As you can see, the skip table is a very random data structure. Even if the elements are re inserted in the same order, the generated skip table may be completely different and capricious. Therefore, I like the data structure of jump table very much.

**Fourth question: the process of inserting elements is described above. What is the deletion process like?**

In the deletion process, we should first find the elements. However, there are some small differences, very small differences, which are difficult to describe. For example, to delete the element 6, can I come from the path H2 – > 6 – > 6?

No, because from this path, after deleting index 6 of the first layer, the line 3 – > 9 cannot be repaired. Therefore, when deleting an element, you can only take the path H2 – > H1 – > 3 – > 3 – > 4 – > 6, and remember the last index of each layer on the way, so that the index of each layer can be correctly repaired after deleting the element 6.

Delete 6 as follows:

Well, at this point, I can’t help but think of a small optimization item in the Java skipping table concurrentskiplistmap. In the concurrentskiplistmap, whether search, insert, or delete, they all follow the same search path as delete. In fact, we can simply optimize it, and we can take another path when inserting and searching.
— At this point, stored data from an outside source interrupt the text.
lemma trim_weight_diff_le:
  fixes n r :: nat and \<alpha> x :: real
  assumes "0 < \<alpha>" and "\<alpha> < 1/2" and "0 < n"
  defines "m \<equiv> real (nat \<lfloor>\<alpha> * real n\<rfloor>)"
  defines "\<gamma> \<equiv> min \<bar>real r - (m + 1/2)\<bar> \<bar>real r - (real n - m + 1/2)\<bar>"
  shows "\<bar>trim_weight n \<alpha> x - trim_weight n \<alpha> (real r)\<bar> \<le> (x - real r)^2 / (\<gamma>^2 * (1 - 2 * \<alpha>))"
proof -
  define W where "W = real n / (real n - 2 * m)"
  have "0 \<le> W" and "W \<le> 1 / (1 - 2 * \<alpha>)"
    using trim_weight_height_le[OF assms(1-3)] by (simp_all add: W_def m_def)
  have "0 < \<gamma>"
    using of_int_ne_of_int_plus_half[of "int r" "\<lfloor>\<alpha> * real n\<rfloor>"]
      of_int_ne_of_int_plus_half[of "int r" "int n - \<lfloor>\<alpha> * real n\<rfloor>"] assms(1)
    by (auto simp: \<gamma>_def m_def)
  have trim_weight: "trim_weight n \<alpha> y = (if m + 1/2 \<le> y \<and> y \<le> real n - m + 1/2 then W else 0)"
    for y
    by (simp add: trim_weight_def Let_def m_def W_def)
  show ?thesis
  proof (cases "m + 1/2 \<le> x \<and> x \<le> real n - m + 1/2 \<longleftrightarrow> m + 1/2 \<le> r \<and> r \<le> real n - m + 1/2")
    case True
    then show ?thesis
      using assms(2) by (simp add: trim_weight)
  next
    case False
    then have "\<gamma> \<le> \<bar>x - real r\<bar>"
      by (auto simp: \<gamma>_def)
    then have "1 \<le> (x - real r)^2 / \<gamma>^2"
      using power_mono[of \<gamma> "\<bar>x - real r\<bar>" 2] \<open>0 < \<gamma>\<close> by simp
    then have "1 / (1 - 2 * \<alpha>) \<le> (x - real r)^2 / \<gamma>^2 / (1 - 2 * \<alpha>)"
      using assms(2) by (intro divide_right_mono) auto
    moreover have "\<bar>trim_weight n \<alpha> x - trim_weight n \<alpha> (real r)\<bar> = W"
      using False \<open>0 \<le> W\<close> by (auto simp: trim_weight)
    ultimately show ?thesis
      using \<open>W \<le> 1 / (1 - 2 * \<alpha>)\<close> by (simp add: divide_divide_eq_left)
  qed
qed

theorem lemma1:
  fixes E :: "('n::finite) set set" and X :: "'n \<Rightarrow> real" and \<alpha> :: real
    and k :: 'n and t :: nat
  assumes "CARD('n) \<ge> 2"
    and "simple_graph E" and "connected_graph E" and "\<not> bipartite E"
    and "inj X"
    and "0 < \<alpha>" and "\<alpha> < 1/2"
    and "t \<ge> 1"
  shows "let n = CARD('n); m = real (nat \<lfloor>\<alpha> * real n\<rfloor>);
             r = real (obs_rank X k);
             c = second_smallest_eigenvalue (laplacian E) / real (card E);
             u = (r - 1) / real n;
             \<sigma>sq = real n ^ 3 * (u * (1 - u));
             a = m + 1/2; b = real n - m + 1/2;
             \<gamma> = min \<bar>r - a\<bar> \<bar>r - b\<bar>
         in \<bar>expected_W E X \<alpha> t k - trim_weight n \<alpha> r\<bar>
              \<le> 3 / (c * real t) * (\<sigma>sq / (\<gamma>^2 * (1 - 2 * \<alpha>)))"
proof -
  interpret gossip_graph E
    using assms(1-4) by unfold_locales
  let ?n = "CARD('n)" and ?r = "real (obs_rank X k)"
  let ?w = "trim_weight ?n \<alpha>" and ?R = "\<lambda>es. gorank_estimate X es t k"
  let ?d = "(min \<bar>?r - (real (nat \<lfloor>\<alpha> * real ?n\<rfloor>) + 1/2)\<bar>
      \<bar>?r - (real ?n - real (nat \<lfloor>\<alpha> * real ?n\<rfloor>) + 1/2)\<bar>)^2 * (1 - 2 * \<alpha>)"
  let ?u = "(?r - 1) / real ?n"
  have "\<bar>expected_W E X \<alpha> t k - ?w ?r\<bar> \<le> edge_avg E t (\<lambda>es. \<bar>?w (?R es) - ?w ?r\<bar>)"
    unfolding expected_W_eq_edge_avg W_at_eq_trim_weight_gorank_estimate[OF assms(8)]
    by (rule abs_edge_avg_diff_le[OF edges_nonempty])
  also have "\<dots> \<le> edge_avg E t (\<lambda>es. 1 / ?d * (?R es - ?r)^2)"
    using trim_weight_diff_le[OF assms(6,7)] by (intro edge_avg_mono) simp
  also have "\<dots> = 1 / ?d * edge_avg E t (\<lambda>es. (?R es - ?r)^2)"
    by (rule edge_avg_mult_left)
  also have "\<dots> \<le> 1 / ?d * (3 / (gossip_rate E * real t) * (real ?n ^ 3 * (?u * (1 - ?u))))"
    using assms(7) by (intro mult_left_mono gorank_mean_square_error_le assms(8)) simp
  also have "\<dots> = 3 / (gossip_rate E * real t) * (real ?n ^ 3 * (?u * (1 - ?u)) / ?d)"
    by simp
  finally show ?thesis
    unfolding Let_def gossip_rate_def[symmetric] .
qed

end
The source code analysis of my classmate skipplist can be analyzed

Well, that’s all we have to say about the theory of skip watch.

# Postscript

In this section, we show the whole process of searching, inserting, and deleting elements in the skip table completely and clearly by means of step-by-step diagram. Did you get it? Can you hang up the interviewer?

However, many students may say “talk is leap, show me the code”, OK. In the next section, I will show you the details of jump table implementation in code, and rewrite HashMap and next part with jump table.

Pay attention to the princess “tongge read the source code” to unlock more source code, foundation and architecture knowledge.